The biopharma bear market has ended the financing boom of recent years and led the valuations of companies to plunge after years of soaring—conditions that may compel smaller biotechs to pursue merger-and-acquisition (M&A) deals with pharma giants, according to a recently released report.
The challenges to valuations and access to capital come as the industry and the rest of the world move beyond the COVID-19 pandemic, EY, the professional services firm formerly known as Ernst & Young, observed in the 32nd annual edition of its “Beyond Borders” report.
However, EY also found that the overall biopharma industry remained strong based on a promising outlook for revenues, record-high investments already made in research and development (R&D), and what the firm asserted was a “massive tide” of dollars waiting in the wings for future attractive investments.
“With the pandemic boom in the rear-view mirror, flush balance sheets and a huge correction in deals targeting development-stage biotechs, now is an opportune time for big pharma to deploy its firepower to acquire biotech innovation,” Arda Ural, PhD, EY Americas industry markets leader, health sciences and wellness, said in a statement.
Ural said the innovation wrought by COVID-19 and other areas of research will serve as a major driver of pharma revenues, resulting in balance sheets flush enough with record levels of “firepower,” which EY defines as a company’s capacity to carry out M&A deals based on the strength of its balance sheet, specifically the amount of capital available for M&A deals.
Pharma giants are in a strong position to use that cash to fund M&A deals, collaborations, and partnerships, according to EY. It added that such activity will be critical to those companies achieving growth goals in the face of continuing “patent-cliff” loss-of-exclusivity as several longtime top-selling drugs face the end of patent protection, and face increasing competition from biosimilars.
Last year the value of M&A deals reached $65.9 billion, down 46% from 2020—the second straight annual decline, and down from the record $164.3 billion in 2019 and $119.2 billion in 2020. The largest M&A deal of 2021 was Merck & Co.’s $11.5 billion acquisition of Acceleron.
Companies recently have been much more inclined to deploy capital expanding pipelines and building up their businesses through collaborations than through M&A, EY concluded in January in its 2022 M&A Firepower Report, released in January.
$4.9B in first-quarter M&A
M&A continued to fall during the first quarter of 2022, with EY recording only eight deals of $100 million or more, generating just $4.9 billion.
“If that trend continues, 2022 would be the lowest M&A value year since 2010,” EY observed. “However, the industry’s need to secure access to innovations and the falling valuations of biotechs may converge to reinvigorate dealmaking over the remainder of 2022.”
Also in 2021, financings reached $115.3 billion, the second-highest total ever recorded and just 4% short of the record-breaking performance in 2020. However, just $16.3 billion was raised during the first quarter, less than half of what the industry had raised quarterly over the previous two years.
As for valuations, market capitalization rates rose in 2021 to just under $1.6 trillion, up about 2% year-over-year.

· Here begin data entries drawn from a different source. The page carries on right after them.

(* For each arrival $t\ge 1$ and each level $0\le i\le L^{(t)}+1$, we have $\mathscr{C}^{(t-1)}_{i}\preceq\mathscr{C}^{(t)}_{i}$.
   Context: An offline instance $(\mathcal{M},D)$ consists of demand pairs $D=\{(u_j,v_j)\}$ over a terminal set $V=\{u_j,v_j\}$, each terminal in exactly one pair (the other element of its pair is its mate), and a metric $\mathcal{M}$ on $V$ with all distances at least $1$, viewed as the complete graph on $V$ with edge costs equal to distances. A clustering of $V$ is a partition of $V$; for a clustering $\mathscr{C}$, $\mathcal{M}/\mathscr{C}$ denotes the shortest-path metric on $\mathscr{C}$ of the graph obtained from the complete weighted graph on $V$ by contracting each cluster into a single vertex. For clusterings $\mathscr{C}_1$ of $V_1$ and $\mathscr{C}_2$ of $V_2$, write $\mathscr{C}_1\preceq\mathscr{C}_2$ if every cluster of $\mathscr{C}_1$ is contained in some cluster of $\mathscr{C}_2$. Clustering procedure: ${\sf level}(v)=\lceil\log_2{\sf dist}_{\mathcal{M}}(v,\text{mate of }v)\rceil$, ${\sf level}(C)=\max_{v\in C}{\sf level}(v)$, $L=\max_{v\in V}{\sf level}(v)$. $\mathscr{C}_0$ is the clustering into singletons. For $i=0,\dots,L$: a cluster $C\in\mathscr{C}_i$ is $i$-active if ${\sf level}(C)\ge i$; $H_i$ is the graph whose vertices are the $i$-active clusters of $\mathscr{C}_i$, with an edge between distinct $C_1,C_2$ iff ${\sf dist}_{\mathcal{M}/\mathscr{C}_i}(C_1,C_2)<2^{i+1}$; $\mathscr{C}_{i+1}$ consists of all non-$i$-active clusters of $\mathscr{C}_i$ together with, for each connected component $Q$ of $H_i$, the union of the clusters in $Q$. Online setting: pairs $(u^{(1)},v^{(1)}),\dots,(u^{(n)},v^{(n)})$ arrive in order; for $1\le t\le n$ the instance $(\mathcal{M}^{(t)},D^{(t)})$ consists of the first $t$ pairs and the restriction of the metric to their terminals $V^{(t)}$. Running the procedure on it yields $L^{(t)}$, $\mathscr{C}^{(t)}_i$, $H^{(t)}_i$; for $i\ge L^{(t)}+1$ set $\mathscr{C}^{(t)}_i:=\mathscr{C}^{(t)}_{L^{(t)}+1}$ and $H^{(t)}_i$ empty. For $t=0$, $L^{(0)}=0$ and every $\mathscr{C}^{(0)}_i$ and $H^{(0)}_i$ is empty. *)

theory Defs
  imports Complex_Main
begin

definition terms :: "('a \<times> 'a) list \<Rightarrow> 'a set" where
  "terms ps = (\<Union>(u,v)\<in>set ps. {u, v})"

text \<open>Each terminal lies in exactly one pair (all listed terminals are distinct).\<close>
definition valid_pairs :: "('a \<times> 'a) list \<Rightarrow> bool" where
  "valid_pairs ps = distinct (concat (map (\<lambda>(u,v). [u, v]) ps))"

definition metric_on :: "'a set \<Rightarrow> ('a \<Rightarrow> 'a \<Rightarrow> real) \<Rightarrow> bool" where
  "metric_on V d = ((\<forall>x\<in>V. d x x = 0) \<and> (\<forall>x\<in>V. \<forall>y\<in>V. d x y = d y x)
     \<and> (\<forall>x\<in>V. \<forall>y\<in>V. \<forall>z\<in>V. d x z \<le> d x y + d y z)
     \<and> (\<forall>x\<in>V. \<forall>y\<in>V. x \<noteq> y \<longrightarrow> 1 \<le> d x y))"

definition mate :: "('a \<times> 'a) list \<Rightarrow> 'a \<Rightarrow> 'a" where
  "mate ps x = (SOME y. (x, y) \<in> set ps \<or> (y, x) \<in> set ps)"

definition lvl :: "('a \<times> 'a) list \<Rightarrow> ('a \<Rightarrow> 'a \<Rightarrow> real) \<Rightarrow> 'a \<Rightarrow> int" where
  "lvl ps d v = \<lceil>log 2 (d v (mate ps v))\<rceil>"

definition clvl :: "('a \<times> 'a) list \<Rightarrow> ('a \<Rightarrow> 'a \<Rightarrow> real) \<Rightarrow> 'a set \<Rightarrow> int" where
  "clvl ps d C = Max (lvl ps d ` C)"

definition Lmax :: "('a \<times> 'a) list \<Rightarrow> ('a \<Rightarrow> 'a \<Rightarrow> real) \<Rightarrow> int" where
  "Lmax ps d = Max (lvl ps d ` terms ps)"

text \<open>Weight of the (contracted) edge between two clusters: cheapest edge between them.\<close>
definition clw :: "('a \<Rightarrow> 'a \<Rightarrow> real) \<Rightarrow> 'a set \<Rightarrow> 'a set \<Rightarrow> real" where
  "clw d X Y = Min {d x y | x y. x \<in> X \<and> y \<in> Y}"

text \<open>Shortest-path metric M/Cl on the clusters of the clustering Cl.\<close>
definition cdist :: "('a \<Rightarrow> 'a \<Rightarrow> real) \<Rightarrow> 'a set set \<Rightarrow> 'a set \<Rightarrow> 'a set \<Rightarrow> real" where
  "cdist d Cl A B = Inf {sum_list (map2 (clw d) (A # ps) (ps @ [B])) | ps. set ps \<subseteq> Cl}"

definition active :: "('a \<times> 'a) list \<Rightarrow> ('a \<Rightarrow> 'a \<Rightarrow> real) \<Rightarrow> nat \<Rightarrow> 'a set \<Rightarrow> bool" where
  "active ps d i C = (clvl ps d C \<ge> int i)"

definition Hrel :: "('a \<times> 'a) list \<Rightarrow> ('a \<Rightarrow> 'a \<Rightarrow> real) \<Rightarrow> nat \<Rightarrow> 'a set set \<Rightarrow> ('a set \<times> 'a set) set" where
  "Hrel ps d i Cl = {(A, B). A \<in> Cl \<and> B \<in> Cl \<and> active ps d i A \<and> active ps d i B \<and> A \<noteq> B
                      \<and> cdist d Cl A B < (2::real) ^ (i + 1)}"

definition step :: "('a \<times> 'a) list \<Rightarrow> ('a \<Rightarrow> 'a \<Rightarrow> real) \<Rightarrow> nat \<Rightarrow> 'a set set \<Rightarrow> 'a set set" where
  "step ps d i Cl = {C \<in> Cl. \<not> active ps d i C}
     \<union> {\<Union> {C'. C' \<in> Cl \<and> active ps d i C' \<and> (C, C') \<in> (Hrel ps d i Cl)\<^sup>*} | C. C \<in> Cl \<and> active ps d i C}"

primrec clus :: "('a \<times> 'a) list \<Rightarrow> ('a \<Rightarrow> 'a \<Rightarrow> real) \<Rightarrow> nat \<Rightarrow> 'a set set" where
  "clus ps d 0 = {{v} | v. v \<in> terms ps}"
| "clus ps d (Suc i) = step ps d i (clus ps d i)"

text \<open>Online quantities L^(t) and C^(t)_i for the first t pairs (with the conventions for t = 0
  and for i \<ge> L^(t)+1).\<close>
definition Lon :: "('a \<times> 'a) list \<Rightarrow> ('a \<Rightarrow> 'a \<Rightarrow> real) \<Rightarrow> nat \<Rightarrow> int" where
  "Lon ps d t = (if t = 0 then 0 else Lmax (take t ps) d)"

definition Con :: "('a \<times> 'a) list \<Rightarrow> ('a \<Rightarrow> 'a \<Rightarrow> real) \<Rightarrow> nat \<Rightarrow> nat \<Rightarrow> 'a set set" where
  "Con ps d t i = (if t = 0 then {}
     else clus (take t ps) d (min i (nat (Lmax (take t ps) d) + 1)))"

definition refines :: "'a set set \<Rightarrow> 'a set set \<Rightarrow> bool" where
  "refines A B = (\<forall>X\<in>A. \<exists>Y\<in>B. X \<subseteq> Y)"

end

theory Submission
  imports Defs
begin

text \<open>By induction on the level i, every cluster C of the clustering for a prefix of the
  demand pairs lies in a cluster f C of the clustering for the whole list. Levels of old terminals
  are unchanged because their mates are, so f sends active clusters to active clusters; and
  distances in the contracted metric can only shrink when the clusters grow, so every edge of the
  old graph H_i becomes an edge or a loop of the new one. Thus each connected component is mapped
  into a connected component. Finally C^(t-1)_i is the clustering of the first t - 1 pairs at
  some level j \<le> i, and clusterings only coarsen as the level increases.\<close>

lemma finite_terms: "finite (terms ps)"
  unfolding terms_def by auto

lemma terms_take_subset: "terms (take n ps) \<subseteq> terms ps"
  unfolding terms_def by (auto dest: in_set_takeD)

lemma metric_on_nonneg: "metric_on V d \<Longrightarrow> x \<in> V \<Longrightarrow> y \<in> V \<Longrightarrow> 0 \<le> d x y"
  unfolding metric_on_def by (cases "x = y") force+

lemma valid_pairs_take: "valid_pairs ps \<Longrightarrow> valid_pairs (take n ps)"
  unfolding valid_pairs_def
  by (metis append_take_drop_id concat_append distinct_append map_append)

lemma valid_pairs_disjoint:
  assumes "valid_pairs ps" "(a, b) \<in> set ps" "(c, e) \<in> set ps" "(a, b) \<noteq> (c, e)"
  shows "{a, b} \<inter> {c, e} = {}"
proof -
  have "[a, b] \<noteq> [c, e]" using assms(4) by simp
  then show ?thesis
    using assms(1-3) unfolding valid_pairs_def distinct_concat_iff by fastforce
qed

lemma valid_pairs_neq: "valid_pairs ps \<Longrightarrow> (a, b) \<in> set ps \<Longrightarrow> a \<noteq> b"
  unfolding valid_pairs_def distinct_concat_iff by fastforce

lemma mate_eqI:
  assumes vp: "valid_pairs ps" and y: "(v, y) \<in> set ps \<or> (y, v) \<in> set ps"
  shows "mate ps v = y"
  unfolding mate_def
proof (rule some_equality)
  fix y' assume "(v, y') \<in> set ps \<or> (y', v) \<in> set ps"
  with y show "y' = y"
    using valid_pairs_disjoint[OF vp] valid_pairs_neq[OF vp] by blast
qed (rule y)

lemma mate_take:
  assumes "valid_pairs ps" "v \<in> terms (take n ps)"
  shows "mate (take n ps) v = mate ps v"
proof -
  obtain y where y: "(v, y) \<in> set (take n ps) \<or> (y, v) \<in> set (take n ps)"
    using assms(2) unfolding terms_def by auto
  then have "mate (take n ps) v = y"
    by (rule mate_eqI[OF valid_pairs_take[OF assms(1)]])
  moreover have "mate ps v = y"
    using y by (intro mate_eqI[OF assms(1)]) (auto dest: in_set_takeD)
  ultimately show ?thesis by simp
qed

lemma lvl_take: "valid_pairs ps \<Longrightarrow> v \<in> terms (take n ps) \<Longrightarrow> lvl (take n ps) d v = lvl ps d v"
  unfolding lvl_def by (simp add: mate_take)

lemma active_take_mono:
  assumes "valid_pairs ps" "active (take n ps) d i C"
    and "C \<subseteq> terms (take n ps)" "C \<noteq> {}" "C \<subseteq> D" "finite D"
  shows "active ps d i D"
proof -
  have "lvl (take n ps) d ` C = lvl ps d ` C"
    using lvl_take[OF assms(1)] assms(3) by (intro image_cong) auto
  then have "clvl (take n ps) d C = Max (lvl ps d ` C)"
    unfolding clvl_def by simp
  also have "\<dots> \<le> clvl ps d D"
    unfolding clvl_def using assms(4-6) by (intro Max_mono image_mono) auto
  finally show ?thesis using assms(2) unfolding active_def by linarith
qed

lemma refines_refl: "refines A A"
  unfolding refines_def by blast

lemma refines_trans: "refines A B \<Longrightarrow> refines B C \<Longrightarrow> refines A C"
  unfolding refines_def by (meson order_trans)

lemma refines_step: "refines Cl (step ps d i Cl)"
  unfolding refines_def
proof
  fix C assume C: "C \<in> Cl"
  show "\<exists>Y\<in>step ps d i Cl. C \<subseteq> Y"
  proof (cases "active ps d i C")
    case False then show ?thesis using C unfolding step_def by blast
  next
    case True
    let ?Y = "\<Union> {C'. C' \<in> Cl \<and> active ps d i C' \<and> (C, C') \<in> (Hrel ps d i Cl)\<^sup>*}"
    have "?Y \<in> step ps d i Cl" using C True unfolding step_def by blast
    moreover have "C \<subseteq> ?Y" using C True by blast
    ultimately show ?thesis by blast
  qed
qed

lemma refines_clus_le: "i \<le> j \<Longrightarrow> refines (clus ps d i) (clus ps d j)"
proof (induction j rule: dec_induct)
  case base then show ?case by (rule refines_refl)
next
  case (step j)
  then show ?case using refines_trans[OF step.IH refines_step] by simp
qed

lemma clus_nonempty_subset_terms: "\<forall>C\<in>clus ps d i. C \<noteq> {} \<and> C \<subseteq> terms ps"
proof (induction i)
  case 0 then show ?case by auto
next
  case (Suc i)
  show ?case
  proof
    fix C assume "C \<in> clus ps d (Suc i)"
    then have "C \<in> step ps d i (clus ps d i)" by simp
    then show "C \<noteq> {} \<and> C \<subseteq> terms ps"
      unfolding step_def using Suc.IH by blast
  qed
qed

lemma finite_clw_set: "finite X \<Longrightarrow> finite Y \<Longrightarrow> finite {d x y | x y. x \<in> X \<and> y \<in> Y}"
  by (rule finite_image_set2) simp_all

lemma clw_antimono:
  assumes "X \<subseteq> X'" "Y \<subseteq> Y'" "X \<noteq> {}" "Y \<noteq> {}" "finite X'" "finite Y'"
  shows "clw d X' Y' \<le> clw d X Y"
  unfolding clw_def using assms finite_clw_set[of X' Y' d] by (intro Min_antimono) blast+

lemma clw_nonneg:
  assumes "X \<subseteq> V" "Y \<subseteq> V" "X \<noteq> {}" "Y \<noteq> {}" "finite X" "finite Y"
    and "\<forall>x\<in>V. \<forall>y\<in>V. 0 \<le> d x y"
  shows "0 \<le> clw d X Y"
  unfolding clw_def using assms finite_clw_set[of X Y d] by (intro Min.boundedI) blast+

lemma sum_list_map2_clw_antimono:
  assumes f: "\<forall>C\<in>Cl1. f C \<in> Cl2 \<and> C \<subseteq> f C" and "\<forall>C\<in>Cl1. C \<noteq> {}" "\<forall>C\<in>Cl2. finite C"
    and "set xs \<subseteq> Cl1" "set ys \<subseteq> Cl1"
  shows "sum_list (map2 (clw d) (map f xs) (map f ys)) \<le> sum_list (map2 (clw d) xs ys)"
proof -
  have "clw d (f x) (f y) \<le> clw d x y" if "(x, y) \<in> set (zip xs ys)" for x y
  proof -
    have "x \<in> Cl1" "y \<in> Cl1"
      using that assms(4,5) by (auto dest: set_zip_leftD set_zip_rightD)
    then show ?thesis using assms(1-3) by (intro clw_antimono) auto
  qed
  then show ?thesis
    unfolding zip_map_map map_map by (intro sum_list_mono) auto
qed

lemma sum_list_map2_clw_nonneg:
  assumes "\<forall>C\<in>Cl. finite C \<and> C \<subseteq> V \<and> C \<noteq> {}" "\<forall>x\<in>V. \<forall>y\<in>V. 0 \<le> d x y"
    and "set xs \<subseteq> Cl" "set ys \<subseteq> Cl"
  shows "0 \<le> sum_list (map2 (clw d) xs ys)"
proof (rule sum_list_nonneg)
  fix z assume "z \<in> set (map2 (clw d) xs ys)"
  then obtain x y where xy: "(x, y) \<in> set (zip xs ys)" and z: "z = clw d x y" by auto
  have "x \<in> Cl" "y \<in> Cl"
    using xy assms(3,4) by (auto dest: set_zip_leftD set_zip_rightD)
  then show "0 \<le> z"
    unfolding z using assms(1,2) by (intro clw_nonneg[of x V y]) auto
qed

But that number represented a sharp drop from the 39% market cap growth in 2020, presaging the huge fall that began late in 2021, after valuations climbed to all-time highs in February of last year.
The drop in valuations has hobbled the market for initial public offerings (IPOs) by companies trading their first public shares. Last year, a record 143 biotech IPOs occurred in the United States and Europe generating a combined $19.3 billion, 72% higher than the existing record set only the previous year. Of these IPOs, 30 were funded via special-purpose acquisition companies (SPACs), another record.
During Q1 of this year, however, 10 biotechs went public on Western exchanges, raising a total $790 million, versus $4.87 billion raised by 31 companies, according to data from Evaluate.
“While the biotech industry has experienced a substantial correction, the industry’s fundamentals remain strong, and there is still a lot of firepower to invest in innovation and underpin growth strategies,” Ural said. “While some biotechs may struggle with reduced access to the public markets, the sector as a whole will continue to flourish as long as companies work to innovate to help address unmet medical needs of the future.”